*** Extracted records Section Begins ***
(* Let $H\in(\tfrac12,1)$, $\beta\in(1-2H,1]$, $\tau=T/M$, $t_i=i\tau$, and fix $m\in\{1,\dots,M\}$. For $u\in[t_i,t_{i+1})$ set $\mathcal S_N(u,t_i):=E_N(t_m-u)-E_N(t_m-t_i)$. Then there is a constant $C$ independent of $N,M,m$ and $x$ such that for all $x\in V$, $$\sum_{i,j=0}^{m-1}\int_{t_j}^{t_{j+1}}\int_{t_i}^{t_{i+1}}\big\langle\mathcal S_N(u,t_i)P_Nx,\;\mathcal S_N(v,t_j)P_Nx\big\rangle\,\phi(u-v)\,\mathrm du\,\mathrm dv\le C\,\tau^{2H+\beta-1}\|A_N^{\frac{\beta-1}{2}}P_Nx\|^2 .$$
   Context: $(V,\langle\cdot,\cdot\rangle,\|\cdot\|)$ is a real separable Hilbert space; $A$ is a linear, densely defined, positive self-adjoint unbounded operator with compact inverse, orthonormal eigenbasis $(e_i)$, $Ae_i=\lambda_ie_i$, $0<\lambda_1\le\lambda_2\le\dots\to\infty$. $P_N$ is the orthogonal projection onto $\mathrm{span}\{e_1,\dots,e_N\}$, $A_N=AP_N$ (with fractional powers taken on $\mathrm{span}\{e_1,\dots,e_N\}$), $E_N(t)=e^{-tA_N}$. $\phi(y)=H(2H-1)|y|^{2H-2}$. *)

theory Defs
  imports "HOL-Analysis.Analysis"
begin

text \<open>The eigenbasis is indexed from 0: e 0, e 1, ... with eigenvalues lam 0 \<le> lam 1 \<le> ...
  so span{e_1,...,e_N} of the paper is span{e 0,...,e (N-1)}.\<close>

definition PN :: "(nat \<Rightarrow> 'a::real_inner) \<Rightarrow> nat \<Rightarrow> 'a \<Rightarrow> 'a" where
  "PN e N x = (\<Sum>k<N. inner x (e k) *\<^sub>R e k)"

text \<open>E_N(t) = exp(-t A_N) with A_N = A P_N; it acts as identity on the orthogonal
  complement of span{e_k : k < N}.\<close>
definition EN :: "(nat \<Rightarrow> 'a::real_inner) \<Rightarrow> (nat \<Rightarrow> real) \<Rightarrow> nat \<Rightarrow> real \<Rightarrow> 'a \<Rightarrow> 'a" where
  "EN e lam N t x = x - PN e N x + (\<Sum>k<N. (exp (- t * lam k) * inner x (e k)) *\<^sub>R e k)"

definition ANpow :: "(nat \<Rightarrow> 'a::real_inner) \<Rightarrow> (nat \<Rightarrow> real) \<Rightarrow> nat \<Rightarrow> real \<Rightarrow> 'a \<Rightarrow> 'a" where
  "ANpow e lam N s x = (\<Sum>k<N. (lam k powr s * inner x (e k)) *\<^sub>R e k)"

definition phi :: "real \<Rightarrow> real \<Rightarrow> real" where
  "phi H y = H * (2 * H - 1) * \<bar>y\<bar> powr (2 * H - 2)"

definition SN :: "(nat \<Rightarrow> 'a::real_inner) \<Rightarrow> (nat \<Rightarrow> real) \<Rightarrow> nat \<Rightarrow> real \<Rightarrow> real \<Rightarrow> real \<Rightarrow> 'a \<Rightarrow> 'a" where
  "SN e lam N tm u s x = EN e lam N (tm - u) x - EN e lam N (tm - s) x"
(* Let $\varepsilon\ge0$, let $N>2$ and $J$ be integers with $0\le J<N$, let $m,M\in(0,1)$ with $m\le M$, and let $c\in[m,M]$. Define $f\colon[m,M]^{N-J}\to\mathbb{R}$ by \[ f(a_1,\dots,a_{N-J})=\Big(e^{\varepsilon}-(e^{\varepsilon}-1)\frac{m+Jc+S}{N+1}\Big)\prod_{i=1}^{N-J}\Bigg(N+\frac{1-a_i}{1-\frac{\min\{m+(N-1)M,\ (N-2)(a_i-m)+Jc+S\}}{N}}\Bigg), \] where $S=\sum_{i=1}^{N-J}a_i$. Then for all $(a_1,\dots,a_{N-J})\in[m,M]^{N-J}$, \[ f(a_1,\dots,a_{N-J})\le\max\Big\{\max_{t\in[m,U_{N-J-1}]}f_{\mathrm{diag}}(t),\ \max_{k\in\{0,1,\dots,N-J\}}\max_{t\in[m,U_k]}f_k(t)\Big\}, \] where \[ f_{\mathrm{diag}}(t)=\Big(e^{\varepsilon}-(e^{\varepsilon}-1)\frac{m+Jc+(N-J)t}{N+1}\Big)\Bigg(N+\frac{1-t}{1-\frac{(2N-J-2)t-(N-2)m+Jc}{N}}\Bigg)^{N-J}, \] and, for $k\in\{0,1,\dots,N-J\}$, \[ f_k(t)=\Big(e^{\varepsilon}-(e^{\varepsilon}-1)\frac{m+S_k(t)}{N+1}\Big)\Bigg(N+\frac{1-t}{1-\frac{(N-2)(t-m)+S_k(t)}{N}}\Bigg)\Bigg(N+\frac{1-m}{1-\frac{S_k(t)}{N}}\Bigg)^{N-J-k-1}\Bigg(N+\frac{1-B_k(t)}{1-\frac{m+(N-1)M}{N}}\Bigg)^{k}, \] with $S_k(t)=Jc+t+(N-J-k-1)m+kB_k(t)$, \[ B_k(t)=\frac{(N-1)(M+m)-(Jc+(N-J-k-1)m+t)}{N+k-2},\qquad U_k=\frac{(N-1)(M+m)-(Jc+(N-J-k-1)m)}{N+k-1}. \] *)

theory Defs
  imports Complex_Main
begin

definition pref :: "real \<Rightarrow> nat \<Rightarrow> real \<Rightarrow> real" where
  "pref eps N x = exp eps - (exp eps - 1) * x / (real N + 1)"

text \<open>f(a_1,...,a_{N-J}); coordinates a_1..a_{N-J} are stored as a 0 .. a (N-J-1).\<close>
definition fval :: "real \<Rightarrow> nat \<Rightarrow> nat \<Rightarrow> real \<Rightarrow> real \<Rightarrow> real \<Rightarrow> (nat \<Rightarrow> real) \<Rightarrow> real" where
  "fval eps N J m M c a =
     (let S = (\<Sum>i<N - J. a i) in
       pref eps N (m + real J * c + S) *
       (\<Prod>i<N - J. real N + (1 - a i) /
          (1 - min (m + (real N - 1) * M) ((real N - 2) * (a i - m) + real J * c + S) / real N)))"

definition fdiag :: "real \<Rightarrow> nat \<Rightarrow> nat \<Rightarrow> real \<Rightarrow> real \<Rightarrow> real \<Rightarrow> real" where
  "fdiag eps N J m c t =
     pref eps N (m + real J * c + (real N - real J) * t) *
     (real N + (1 - t) /
        (1 - ((2 * real N - real J - 2) * t - (real N - 2) * m + real J * c) / real N)) ^ (N - J)"

definition Bk :: "nat \<Rightarrow> nat \<Rightarrow> real \<Rightarrow> real \<Rightarrow> real \<Rightarrow> nat \<Rightarrow> real \<Rightarrow> real" where
  "Bk N J m M c k t =
     ((real N - 1) * (M + m) - (real J * c + (real N - real J - real k - 1) * m + t))
       / (real N + real k - 2)"

definition Uk :: "nat \<Rightarrow> nat \<Rightarrow> real \<Rightarrow> real \<Rightarrow> real \<Rightarrow> nat \<Rightarrow> real" where
  "Uk N J m M c k =
     ((real N - 1) * (M + m) - (real J * c + (real N - real J - real k - 1) * m))
       / (real N + real k - 1)"

definition Sk :: "nat \<Rightarrow> nat \<Rightarrow> real \<Rightarrow> real \<Rightarrow> real \<Rightarrow> nat \<Rightarrow> real \<Rightarrow> real" where
  "Sk N J m M c k t =
     real J * c + t + (real N - real J - real k - 1) * m + real k * Bk N J m M c k t"

text \<open>The exponent N-J-k-1 may equal -1 (when k = N-J), hence an integer power.\<close>
definition fk :: "real \<Rightarrow> nat \<Rightarrow> nat \<Rightarrow> real \<Rightarrow> real \<Rightarrow> real \<Rightarrow> nat \<Rightarrow> real \<Rightarrow> real" where
  "fk eps N J m M c k t =
     pref eps N (m + Sk N J m M c k t) *
     (real N + (1 - t) / (1 - ((real N - 2) * (t - m) + Sk N J m M c k t) / real N)) *
     (real N + (1 - m) / (1 - Sk N J m M c k t / real N))
        powi (int N - int J - int k - 1) *
     (real N + (1 - Bk N J m M c k t) / (1 - (m + (real N - 1) * M) / real N)) ^ k"

end

theory Submission
  imports Defs "HOL-Analysis.Analysis"
begin

(*
  Every factor occurring in f, f_diag and f_k has the form N + (1 - x) / (1 - T / N). In f the
  argument is min D (T x) with the cap D = m + (N - 1) M and T x = (N - 2)(x - m) + Jc + S, so for
  fixed S = a_1 + ... + a_{N-J} the product is prod_i g(a_i) for a single function g, to be bounded
  under the constraint that the a_i have sum S.

  The capped factor is affine in x, hence log-concave. Writing N - T x = R + (N - 2)(1 - x), the
  uncapped factor equals N (R + (N - 1)(1 - x)) / (R + (N - 2)(1 - x)), which is log-concave for
  R >= 0 and log-convex and increasing for R <= 0. If the mean S / (N - J) is at least U_{N-J-1},
  the cap is active at the mean and Jensen's inequality for the capped factor gives
  f_diag(U_{N-J-1}). Otherwise, for R >= 0, g is the minimum of two log-concave functions and Jensen
  gives f_diag at the mean. For R < 0, g increases after truncating each a_i at the point theta where
  the cap is reached, ln g is convex and increasing on [m, theta], and a majorization argument
  moves all but one coordinate to the endpoints m and theta; this configuration is f_k with
  B_k = theta.
*)

section \<open>Convexity, Jensen products and majorization\<close>

lemma convex_on_cong:
  assumes "\<And>x. x \<in> S \<Longrightarrow> f x = g x"
  shows "convex_on S f \<longleftrightarrow> convex_on S g"
proof -
  have "f (u *\<^sub>R x + v *\<^sub>R y) = g (u *\<^sub>R x + v *\<^sub>R y)"
    if "convex S" "x \<in> S" "y \<in> S" "0 \<le> u" "0 \<le> v" "u + v = 1" for x y u v
    using assms convexD that by blast
  then show ?thesis
    using assms unfolding convex_on_def by auto
qed

lemma concave_on_cong:
  assumes "\<And>x. x \<in> S \<Longrightarrow> f x = g x"
  shows "concave_on S f \<longleftrightarrow> concave_on S g"
  using assms unfolding concave_on_def by (intro convex_on_cong) simp

lemma concave_on_min:
  fixes f g :: "'a::real_vector \<Rightarrow> real"
  assumes "concave_on S f" "concave_on S g"
  shows "concave_on S (\<lambda>x. min (f x) (g x))"
  unfolding concave_on_iff
proof (intro conjI ballI allI impI)
  show "convex S"
    using assms(1) concave_on_imp_convex by blast
  fix x y :: 'a and u v :: real
  assume "x \<in> S" "y \<in> S" "0 \<le> u" "0 \<le> v" "u + v = 1"
  moreover from this have "u * min (f x) (g x) + v * min (f y) (g y) \<le> u * f x + v * f y"
    and "u * min (f x) (g x) + v * min (f y) (g y) \<le> u * g x + v * g y"
    by (auto intro!: add_mono mult_left_mono)
  ultimately show "u * min (f x) (g x) + v * min (f y) (g y)
      \<le> min (f (u *\<^sub>R x + v *\<^sub>R y)) (g (u *\<^sub>R x + v *\<^sub>R y))"
    using assms unfolding concave_on_iff by (smt (verit))
qed

lemma convex_on_chord_sum:
  fixes \<phi> :: "real \<Rightarrow> real"
  assumes "convex_on {p..q} \<phi>" "u \<in> {p..q}" "v \<in> {p..q}" "u + v = p + q"
  shows "\<phi> u + \<phi> v \<le> \<phi> p + \<phi> q"
proof (cases "p < q")
  case True
  define slope where "slope = (\<phi> q - \<phi> p) / (q - p)"
  have "\<phi> u + \<phi> v \<le> slope * (u - p) + slope * (v - p) + 2 * \<phi> p"
    using convex_onD_Icc'[OF assms(1) assms(2)] convex_onD_Icc'[OF assms(1) assms(3)]
    unfolding slope_def by linarith
  also have "slope * (u - p) + slope * (v - p) = slope * (q - p)"
    using assms(4) by (simp flip: distrib_left)
  finally show ?thesis
    using True by (simp add: slope_def)
next
  case False
  then have "u = p" "v = p" "q = p"
    using assms(2,3) by auto
  then show ?thesis
    by simp
qed

lemma convex_mono_pair_le_extremal:
  fixes \<phi> :: "real \<Rightarrow> real"
  assumes "convex_on {lo..hi} \<phi>" "mono_on {lo..hi} \<phi>" "u \<in> {lo..hi}" "v \<in> {lo..hi}"
    and "u + v \<le> w" "w \<le> 2 * hi"
  obtains j :: nat and t where "j \<le> 1" "t \<in> {lo..hi}" "(1 - real j) * lo + t + real j * hi = w"
    and "\<phi> u + \<phi> v \<le> (1 - real j) * \<phi> lo + \<phi> t + real j * \<phi> hi"
proof -
  \<comment> \<open>Spread \<open>u, v\<close> apart, keeping their sum, until one of them hits an endpoint.\<close>
  define p where "p = max lo (u + v - hi)"
  define q where "q = min (u + v - lo) hi"
  have "u + v = p + q" "p \<in> {lo..hi}" "q \<in> {lo..hi}" "u \<in> {p..q}" "v \<in> {p..q}"
    using assms(3,4) by (auto simp: p_def q_def)
  then have pq: "\<phi> u + \<phi> v \<le> \<phi> p + \<phi> q"
    using assms(1) by (intro convex_on_chord_sum) (auto intro: convex_on_subset)
  have mono: "\<phi> r \<le> \<phi> s" if "r \<in> {lo..hi}" "s \<in> {lo..hi}" "r \<le> s" for r s
    by (rule mono_onD[OF assms(2) that])
  show ?thesis
  proof (cases "w \<le> lo + hi")
    case True
    then have "p = lo" "q \<le> w - lo" "w - lo \<in> {lo..hi}"
      using assms(3-5) by (auto simp: p_def q_def)
    then have "\<phi> u + \<phi> v \<le> \<phi> lo + \<phi> (w - lo)"
      using pq mono[of q "w - lo"] \<open>q \<in> {lo..hi}\<close> by auto
    then show ?thesis
      using that[of 0 "w - lo"] \<open>w - lo \<in> {lo..hi}\<close> by simp
  next
    case False
    then have "p \<le> w - hi" "w - hi \<in> {lo..hi}"
      using assms(3-6) by (auto simp: p_def)
    then have "\<phi> u + \<phi> v \<le> \<phi> (w - hi) + \<phi> hi"
      using pq mono[of p "w - hi"] mono[of q hi] \<open>p \<in> {lo..hi}\<close> \<open>q \<in> {lo..hi}\<close> by auto
    then show ?thesis
      using that[of 1 "w - hi"] \<open>w - hi \<in> {lo..hi}\<close> by simp
  qed
qed

lemma convex_mono_sum_le_extremal:
  fixes \<phi> :: "real \<Rightarrow> real" and x :: "nat \<Rightarrow> real"
  assumes conv: "convex_on {lo..hi} \<phi>" and mono: "mono_on {lo..hi} \<phi>"
    and "0 < n" "\<And>i. i < n \<Longrightarrow> x i \<in> {lo..hi}" "(\<Sum>i<n. x i) \<le> s" "s \<le> real n * hi"
  shows "\<exists>k t. k < n \<and> t \<in> {lo..hi} \<and> (real n - real k - 1) * lo + t + real k * hi = s \<and>
      (\<Sum>i<n. \<phi> (x i)) \<le> (real n - real k - 1) * \<phi> lo + \<phi> t + real k * \<phi> hi"
  using assms(3-)
proof (induction n arbitrary: s rule: nat_induct_non_zero)
  case 1
  then have "x 0 \<in> {lo..hi}" "x 0 \<le> s" "s \<le> hi"
    by auto
  moreover from this have "\<phi> (x 0) \<le> \<phi> s"
    by (intro mono_onD[OF mono]) auto
  ultimately show ?case
    by (intro exI[of _ 0] exI[of _ s]) auto
next
  case (Suc n)
  \<comment> \<open>The first \<open>n\<close> coordinates absorb the share \<open>s'\<close> of \<open>s\<close>; the new coordinate is then paired with the
    free coordinate \<open>t\<close> of the induction hypothesis.\<close>
  define s' where "s' = min (s - x n) (real n * hi)"
  have xn: "x n \<in> {lo..hi}"
    using Suc.prems(1) by simp
  have "(\<Sum>i<n. x i) \<le> (\<Sum>i<n. hi)"
    using Suc.prems(1) by (intro sum_mono) auto
  then have "(\<Sum>i<n. x i) \<le> s'"
    using Suc.prems(2) by (simp add: s'_def)
  then obtain k t where k: "k < n" "t \<in> {lo..hi}" "(real n - real k - 1) * lo + t + real k * hi = s'"
    and IH: "(\<Sum>i<n. \<phi> (x i)) \<le> (real n - real k - 1) * \<phi> lo + \<phi> t + real k * \<phi> hi"
    using Suc.IH[of s'] Suc.prems(1) by (auto simp: s'_def)
  have "t + x n \<le> s - s' + t" "s - s' + t \<le> 2 * hi"
    using Suc.prems(3) k(2) xn by (auto simp: s'_def algebra_simps)
  then obtain j t' where j: "j \<le> 1" "t' \<in> {lo..hi}" "(1 - real j) * lo + t' + real j * hi = s - s' + t"
    and pair: "\<phi> t + \<phi> (x n) \<le> (1 - real j) * \<phi> lo + \<phi> t' + real j * \<phi> hi"
    using convex_mono_pair_le_extremal[OF conv mono k(2) xn] by blast
  show ?case
  proof (intro exI conjI)
    show "k + j < Suc n"
      using k(1) j(1) by simp
    show "(real (Suc n) - real (k + j) - 1) * lo + t' + real (k + j) * hi = s"
      using k(3) j(3) by (simp add: algebra_simps)
    show "(\<Sum>i<Suc n. \<phi> (x i))
        \<le> (real (Suc n) - real (k + j) - 1) * \<phi> lo + \<phi> t' + real (k + j) * \<phi> hi"
      using IH pair by (simp add: algebra_simps)
  qed (rule j(2))
qed

lemma prod_le_of_sum_ln_le:
  fixes f :: "nat \<Rightarrow> real"
  assumes "\<And>i. i < n \<Longrightarrow> 0 < f i" "0 < B" "(\<Sum>i<n. ln (f i)) \<le> ln B"
  shows "(\<Prod>i<n. f i) \<le> B"
proof -
  have "ln (\<Prod>i<n. f i) = (\<Sum>i<n. ln (f i))"
    by (rule ln_prod) (use assms(1) in force)+
  moreover have "0 < (\<Prod>i<n. f i)"
    using assms(1) by (intro prod_pos) auto
  ultimately show ?thesis
    using assms(2,3) by (metis ln_le_cancel_iff)
qed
*** Extracted records Section Ends ***
● Aim of the exercise: Using the entries above, output exactly the lines between the line holding "using Suc.IH[of s']" and the line holding "then obtain j", end lines included, and nothing more.

● Written answer:
    using Suc.IH[of s'] Suc.prems(1) by (auto simp: s'_def)
  have "t + x n \<le> s - s' + t" "s - s' + t \<le> 2 * hi"
    using Suc.prems(3) k(2) xn by (auto simp: s'_def algebra_simps)
  then obtain j t' where j: "j \<le> 1" "t' \<in> {lo..hi}" "(1 - real j) * lo + t' + real j * hi = s - s' + t"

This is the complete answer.